Laboratory Test Results of the Patient
| Test Parameter | Reference Range | On the Day of Admission | After 2 Weeks of Treatment |
|---|---|---|---|
| WBC count (×109/L) | 4–10 | 9.65 | 6.81 |
| Neutrophil count (×109/L) | 1.8–6.3 | 7.37 | 3.79 |
| Neutrophil (%) | 40–75 | 76.3 | 55.6 |
| Lymphocyte count (×109/L) | 1.1–3.2 | 1.24 | 2.14 |
| Lymphocyte (%) | 20–40 | 12.8 | 31.4 |
| CRP (mg/L) | 0–5 | 189.28 | 12.5 |
| Procalcitonin (ng/mL) | 0–0.05 | 0.09 | 0.07 |
| ALT (U/L) | 9–50 | 128 | 76.5 |
| AST (U/L) | 15–40 | 57.8 | 42.9 |
| LDH (U/L) | 109–245 | 238 | 254 |
| Creatinine (μmol/L) | 62–106 | 88.3 | 73.2 |
| CK (U/L) | 26–196 | 336 | 138 |
| CK-MB (U/L) | 0–25 | 10 | 10.3 |
Abbreviations: ALT, alanine aminotransferase; AST, aspartate aminotransferase; CK, creatine kinase; CK-MB, creatine kinase muscle isoenzyme; CRP, C-reactive protein; LDH, lactate dehydrogenase; WBC, white blood cell.
Figure 1.
Chest computed tomography (CT) images of the patient. Chest CT on admission showing bilateral pneumonia (A–D). Chest CT after 2 weeks of treatment showing improvement in the bilateral pneumonia (E–H); Chest CT after 4 weeks of treatment showing complete resolution of the lung changes (I–L).
The patient was treated with moxifloxacin for 2 weeks. Following discharge, the patient continued taking itraconazole (200 mg twice a day).
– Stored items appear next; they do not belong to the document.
theorem gauss_psi_identity:
  assumes m: "0 < m"
  shows "qpinf (2 * m) ^ 2 = psi_fps m * qpinf m"
proof (rule fps_ext)
  fix d :: nat
  define N where "N = 2 * d + 1"
  let ?P = "qpoch (fps_X ^ m :: rat fps) (2 * N)" and ?Q = "qpoch (fps_X ^ (2 * m) :: rat fps) N"
  have P: "fps_eq_below (Suc d) ?P (qpinf m)"
    by (rule fps_eq_below_sym, rule qpinf_eq_below[OF m]) (simp add: N_def)
  have Q: "fps_eq_below (Suc d) ?Q (qpinf (2 * m))"
    by (rule fps_eq_below_sym, rule qpinf_eq_below) (use m in \<open>simp_all add: N_def\<close>)
  have "fps_eq_below (Suc d) (2 * psi_fps m * qpinf m) (2 * psi_fps m * ?P)"
    by (intro fps_eq_below_mult fps_eq_below_refl fps_eq_below_sym[OF P])
  also have "fps_eq_below (Suc d) \<dots> ((\<Sum>i\<le>2*N. jtp_term (fps_X ^ m) N i) * ?P * ?P)"
    by (rule fps_eq_below_sym, rule fps_eq_below_mult[OF jtp_sum_qpoch_eq_below_psi[OF m N_def]]) simp
  also have "fps_eq_below (Suc d) \<dots> (2 * ?Q * ?Q)"
    by (rule jtp_sum_qpoch_square_eq_below[OF m N_def])
  also have "fps_eq_below (Suc d) \<dots> (2 * qpinf (2 * m) * qpinf (2 * m))"
    by (intro fps_eq_below_mult fps_eq_below_refl Q)
  finally show "fps_nth (qpinf (2 * m) ^ 2) d = fps_nth (psi_fps m * qpinf m) d"
    by (simp add: fps_eq_below_def numeral_fps_const fps_mult_left_const_nth mult.assoc power2_eq_square)
qed

section \<open>Representations of $2n$ as a sum of two odd squares\<close>

lemma pos_mult_self_inj:
  fixes s t :: int
  assumes "0 < s" "0 < t" "s * s = t * t"
  shows "s = t"
  using assms by (metis power2_eq_square power2_eq_iff_nonneg less_imp_le)

lemma even_card_involution:
  assumes "finite S" "\<And>x. x \<in> S \<Longrightarrow> h x \<in> S"
    "\<And>x. x \<in> S \<Longrightarrow> h (h x) = x"
    "\<And>x. x \<in> S \<Longrightarrow> h x \<noteq> x"
  shows "even (card S)"
  using assms
proof (induction "card S" arbitrary: S rule: less_induct)
  case less
  show ?case
  proof (cases "S = {}")
    case True then show ?thesis by simp
  next
    case False
    then obtain x where x: "x \<in> S" by blast
    define S' where "S' = S - {x, h x}"
    have hx: "h x \<in> S" "h x \<noteq> x" using less.prems x by auto
    have "card S' = card S - 2" "2 \<le> card S"
      using less.prems(1) x hx card_mono[OF less.prems(1), of "{x, h x}"]
      by (simp_all add: S'_def card_Diff_subset)
    then have cS: "card S = Suc (Suc (card S'))" by simp
    have "even (card S')"
    proof (rule less.hyps)
      show "card S' < card S" "finite S'" using cS less.prems(1) by (simp_all add: S'_def)
      fix y assume "y \<in> S'"
      then have y: "y \<in> S" "y \<noteq> x" "y \<noteq> h x" by (auto simp: S'_def)
      show "h (h y) = y" "h y \<noteq> y" using less.prems y by auto
      have "h y \<noteq> x" "h y \<noteq> h x" using less.prems(3) y x by metis+
      then show "h y \<in> S'" using less.prems(2) y by (simp add: S'_def)
    qed
    then show ?thesis using cS by simp
  qed
qed

lemma card_involution_parity:
  assumes fin: "finite S"
    and h: "\<And>x. x \<in> S \<Longrightarrow> h x \<in> S" "\<And>x. x \<in> S \<Longrightarrow> h (h x) = x"
  shows "card S mod 2 = card {x\<in>S. h x = x} mod 2"
proof -
  have "even (card {x\<in>S. h x \<noteq> x})"
  proof (rule even_card_involution)
    fix x assume x: "x \<in> {x \<in> S. h x \<noteq> x}"
    then show "h (h x) = x" "h x \<noteq> x" using h by auto
    have "h (h x) \<noteq> h x" using h(2) x by auto
    then show "h x \<in> {x \<in> S. h x \<noteq> x}" using h(1) x by simp
  qed (use fin in simp)
  moreover have "card S = card {x\<in>S. h x = x} + card {x\<in>S. h x \<noteq> x}"
    using fin by (subst card_Un_disjoint[symmetric]) (auto intro: arg_cong[where f=card])
  ultimately show ?thesis by auto
qed

text \<open>Zagier's one-sentence proof of Fermat's two squares theorem, run on the set of
  solutions of $x^2 + 4yz = n$: the swap $y \leftrightarrow z$ and Zagier's involution
  determine the parity of the number of solutions with $y = z$.\<close>

definition zagier_set :: "int \<Rightarrow> (int \<times> int \<times> int) set" where
  "zagier_set n = {(x,y,z). 0 < x \<and> 0 < y \<and> 0 < z \<and> x*x + 4*y*z = n}"

definition zagier_boundary :: "int \<Rightarrow> (int \<times> int \<times> int) set" where
  "zagier_boundary n = {(x,y,z) \<in> zagier_set n. x + z = y}"

definition zagier_inner :: "int \<Rightarrow> (int \<times> int \<times> int) set" where
  "zagier_inner n = {(x,y,z) \<in> zagier_set n. x + z \<noteq> y}"

definition zagier_map :: "int \<times> int \<times> int \<Rightarrow> int \<times> int \<times> int" where
  "zagier_map p = (case p of (x,y,z) \<Rightarrow>
     if x + z < y then (x + 2*z, z, y - x - z)
     else if x < 2*y then (2*y - x, y, x + z - y)
     else (x - 2*y, x + z - y, y))"

lemma zagier_set_subset: "zagier_set n \<subseteq> {0..n} \<times> {0..n} \<times> {0..n}"
proof
  fix p assume "p \<in> zagier_set n"
  then obtain x y z where p: "p = (x,y,z)" "0 < x" "0 < y" "0 < z" "x*x + 4*y*z = n"
    by (auto simp: zagier_set_def)
  have "x \<le> x * x" "y \<le> y * z" "z \<le> y * z" "0 \<le> y * z" "0 \<le> x * x" "4*y*z = 4*(y*z)"
    using p by (simp_all add: mult_le_cancel_left1 mult_le_cancel_right1)
  then have "x \<le> n \<and> y \<le> n \<and> z \<le> n" using p by linarith
  then show "p \<in> {0..n} \<times> {0..n} \<times> {0..n}" using p by auto
qed

lemma finite_zagier_set: "finite (zagier_set n)"
  by (rule finite_subset[OF zagier_set_subset]) auto

lemma finite_zagier_inner: "finite (zagier_inner n)"
  by (rule finite_subset[OF _ finite_zagier_set]) (auto simp: zagier_inner_def)

lemma odd_sum_square_4_mult:
  fixes x y z :: int
  assumes "odd n" "x*x + 4*y*z = n"
  shows "odd x"
  using assms by auto

lemma zagier_map_involution:
  assumes n: "odd n" and p: "p \<in> zagier_inner n"
  shows "zagier_map p \<in> zagier_inner n \<and> zagier_map (zagier_map p) = p
    \<and> (zagier_map p = p \<longleftrightarrow> fst p = fst (snd p))"
proof -
  obtain x y z where pp: "p = (x,y,z)" by (cases p) auto
  have h: "0 < x" "0 < y" "0 < z" "x*x + 4*y*z = n" "x + z \<noteq> y"
    using p pp by (auto simp: zagier_inner_def zagier_set_def)
  have x2: "x \<noteq> 2 * y" using odd_sum_square_4_mult[OF n h(4)] by auto
  consider "x + z < y" | "\<not> x + z < y" "x < 2*y" | "\<not> x + z < y" "\<not> x < 2*y" by blast
  then show ?thesis
  proof cases
    case 1
    have z1: "zagier_map p = (x + 2*z, z, y - x - z)" using 1 by (simp add: zagier_map_def pp)
    have z2: "zagier_map (x + 2*z, z, y - x - z) = (x, y, z)" using 1 h by (simp add: zagier_map_def)
    have "(x + 2*z)*(x + 2*z) + 4*z*(y - x - z) = x*x + 4*y*z" by (simp add: algebra_simps)
    then have "zagier_map p \<in> zagier_inner n" using 1 h by (simp add: z1 zagier_inner_def zagier_set_def)
    then show ?thesis using z1 z2 pp 1 h by auto
  next
    case 2
    have z1: "zagier_map p = (2*y - x, y, x + z - y)" using 2 by (simp add: zagier_map_def pp)
    have z2: "zagier_map (2*y - x, y, x + z - y) = (x, y, z)" using 2 h by (simp add: zagier_map_def)
    have "(2*y - x)*(2*y - x) + 4*y*(x + z - y) = x*x + 4*y*z" by (simp add: algebra_simps)
    then have "zagier_map p \<in> zagier_inner n" using 2 h by (simp add: z1 zagier_inner_def zagier_set_def)
    then show ?thesis using z1 z2 pp 2 h by auto
  next
    case 3
    have z1: "zagier_map p = (x - 2*y, x + z - y, y)" using 3 by (simp add: zagier_map_def pp)
    have z2: "zagier_map (x - 2*y, x + z - y, y) = (x, y, z)" using 3 h x2 by (simp add: zagier_map_def)
    have "(x - 2*y)*(x - 2*y) + 4*(x + z - y)*y = x*x + 4*y*z" by (simp add: algebra_simps)
    then have "zagier_map p \<in> zagier_inner n"
      using 3 h x2 by (simp add: z1 zagier_inner_def zagier_set_def)
    then show ?thesis using z1 z2 pp 3 h x2 by auto
  qed
qed

lemma card_zagier_inner_parity:
  assumes n: "odd n"
  shows "card (zagier_inner n) mod 2 = card {p \<in> zagier_inner n. fst p = fst (snd p)} mod 2"
proof -
  have "card (zagier_inner n) mod 2 = card {p \<in> zagier_inner n. zagier_map p = p} mod 2"
    by (rule card_involution_parity[OF finite_zagier_inner]) (use zagier_map_involution[OF n] in auto)
  also have "{p \<in> zagier_inner n. zagier_map p = p} = {p \<in> zagier_inner n. fst p = fst (snd p)}"
    using zagier_map_involution[OF n] by auto
  finally show ?thesis .
qed

lemma card_zagier_set_parity:
  "card (zagier_set n) mod 2 = card {(x,y,z) \<in> zagier_set n. y = z} mod 2"
proof -
  have "card (zagier_set n) mod 2 = card {p \<in> zagier_set n. (\<lambda>(x,y,z). (x,z,y)) p = p} mod 2"
    by (rule card_involution_parity[OF finite_zagier_set]) (auto simp: zagier_set_def algebra_simps)
  also have "{p \<in> zagier_set n. (\<lambda>(x,y,z). (x,z,y)) p = p} = {(x,y,z) \<in> zagier_set n. y = z}"
    by auto
  finally show ?thesis .
qed

lemma card_zagier_set_split: "card (zagier_set n) = card (zagier_inner n) + card (zagier_boundary n)"
proof -
  have "zagier_set n = zagier_inner n \<union> zagier_boundary n"
       "zagier_inner n \<inter> zagier_boundary n = {}"
    by (auto simp: zagier_inner_def zagier_boundary_def)
  moreover have "finite (zagier_inner n)" "finite (zagier_boundary n)"
    by (auto intro: finite_subset[OF _ finite_zagier_set] simp: zagier_inner_def zagier_boundary_def)
  ultimately show ?thesis by (simp add: card_Un_disjoint)
qed

lemma zagier_boundary_eq:
  assumes "(x, y, z) \<in> zagier_boundary n"
  shows "(y + z) * (y + z) = n"
  using assms by (auto simp: zagier_boundary_def zagier_set_def algebra_simps)

lemma card_zagier_boundary:
  assumes s: "0 < s" "s * s = n"
  shows "card (zagier_boundary n) = nat ((s - 1) div 2)"
proof -
  have "zagier_boundary n = (\<lambda>z. (s - 2*z, s - z, z)) ` {1..(s - 1) div 2}"
  proof
    show "zagier_boundary n \<subseteq> (\<lambda>z. (s - 2*z, s - z, z)) ` {1..(s - 1) div 2}"
    proof
      fix p assume p: "p \<in> zagier_boundary n"
      then obtain x y z where xyz: "p = (x,y,z)" "0 < x" "0 < y" "0 < z" "x + z = y"
        by (auto simp: zagier_boundary_def zagier_set_def)
      have "y + z = s" using zagier_boundary_eq[of x y z n] p xyz s pos_mult_self_inj[of "y + z" s] by simp
      then show "p \<in> (\<lambda>z. (s - 2*z, s - z, z)) ` {1..(s - 1) div 2}"
        using xyz by (auto intro!: image_eqI[where x=z])
    qed
    show "(\<lambda>z. (s - 2*z, s - z, z)) ` {1..(s - 1) div 2} \<subseteq> zagier_boundary n"
    proof
      fix p assume "p \<in> (\<lambda>z. (s - 2*z, s - z, z)) ` {1..(s - 1) div 2}"
      then obtain z where z: "1 \<le> z" "z \<le> (s - 1) div 2" "p = (s - 2*z, s - z, z)" by auto
      have "(s - 2*z)*(s - 2*z) + 4*(s - z)*z = s * s" by (simp add: algebra_simps)
      moreover have "0 < s - 2*z" using z by linarith
      ultimately show "p \<in> zagier_boundary n"
        using z s by (auto simp: zagier_boundary_def zagier_set_def)
    qed
  qed
  moreover have "inj_on (\<lambda>z. (s - 2*z, s - z, z)) {1..(s - 1) div 2}" by (auto simp: inj_on_def)
  ultimately show ?thesis by (simp add: card_image)
qed

definition small_divisors :: "int \<Rightarrow> int set" where
  "small_divisors n = {d. 0 < d \<and> d dvd n \<and> d * d < n}"

lemma mult_mod_4_eq_1_imp_cong:
  fixes d e :: int
  assumes "(d * e) mod 4 = 1"
  shows "d mod 4 = e mod 4"
proof -
  have "((d mod 4) * (e mod 4)) mod 4 = 1" using assms by (simp add: mod_mult_eq)
  moreover have "d mod 4 \<in> {0,1,2,3}" "e mod 4 \<in> {0,1,2,3}" by auto
  ultimately show ?thesis by auto
qed

text \<open>The solutions with $x = y$ are $n = d\,(d + 4z)$, i.e.\ the divisors $d < \sqrt n$.\<close>

lemma card_zagier_inner_diagonal:
  assumes n: "n mod 4 = 1"
  shows "card {p \<in> zagier_inner n. fst p = fst (snd p)} = card (small_divisors n)"
proof -
  let ?F = "{p \<in> zagier_inner n. fst p = fst (snd p)}"
  have "bij_betw fst ?F (small_divisors n)"
  proof (rule bij_betw_byWitness[where f'="\<lambda>d. (d, d, (n div d - d) div 4)"])
    show "\<forall>a\<in>?F. (fst a, fst a, (n div fst a - fst a) div 4) = a"
    proof
      fix p assume "p \<in> ?F"
      then obtain y z where p: "p = (y,y,z)" "0 < y" "y*y + 4*y*z = n"
        by (auto simp: zagier_inner_def zagier_set_def)
      then have "n div y = y + 4*z" by (auto simp: algebra_simps)
      then show "(fst p, fst p, (n div fst p - fst p) div 4) = p" using p by simp
    qed
    show "fst ` ?F \<subseteq> small_divisors n"
    proof
      fix d assume "d \<in> fst ` ?F"
      then obtain z where p: "0 < d" "0 < z" "d*d + 4*d*z = n"
        by (auto simp: zagier_inner_def zagier_set_def)
      then have "n = d * (d + 4*z)" by (simp add: algebra_simps)
      moreover have "0 < d * z" using p by simp
      ultimately show "d \<in> small_divisors n" using p by (auto simp: small_divisors_def)
    qed
    show "\<forall>d\<in>small_divisors n. fst (d, d, (n div d - d) div 4) = d" by simp
    show "(\<lambda>d. (d, d, (n div d - d) div 4)) ` small_divisors n \<subseteq> ?F"
    proof
      fix p assume "p \<in> (\<lambda>d. (d, d, (n div d - d) div 4)) ` small_divisors n"
      then obtain d where d: "0 < d" "d dvd n" "d*d < n" and p: "p = (d, d, (n div d - d) div 4)"
        by (auto simp: small_divisors_def)
      define e where "e = n div d"
      have ne: "n = d * e" using d by (simp add: e_def)
      have "d mod 4 = e mod 4" using n ne mult_mod_4_eq_1_imp_cong by simp
      then obtain z where z: "e - d = 4 * z" by (metis mod_eq_dvd_iff dvdE)
      have "d < e" using d ne by (metis mult_less_cancel_left_pos)
      then have "0 < z" using z by linarith
      have "d*d + 4*d*z = n" using ne z by (simp add: algebra_simps)
      then show "p \<in> ?F" using p d z \<open>0 < z\<close>
        by (simp add: zagier_inner_def zagier_set_def e_def[symmetric])
    qed
  qed
  then show ?thesis by (rule bij_betw_same_card)
qed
At the 4-week follow-up, chest CT revealed that the lesions in both lungs had healed (Figure 1I–L). His hematology results and CRP levels returned to normal, and his liver transaminase levels showed further improvement. The patient was treated with itraconazole for 3 months.
Discussion
Psittacosis is a zoonotic disease caused by C. psittaci. Humans can contract this disease either via direct contact or by inhaling particles of excreta and respiratory secretions of infected birds.4 C. neoformans is an opportunistic fungal pathogen. Individuals with compromised immune systems, such as those with HIV infection, are at increased risk of infection.5 As with C. psittaci, Cryptococcus can be isolated from bird feces.6 Peralta et al7 reported a case of cryptococcal meningitis in a patient who had contact with a parrot and was suspected to have contracted the infection by zoonotic transmission of Cryptococcus from the parrot. The patient suffered neurological sequelae due to delayed diagnosis and treatment.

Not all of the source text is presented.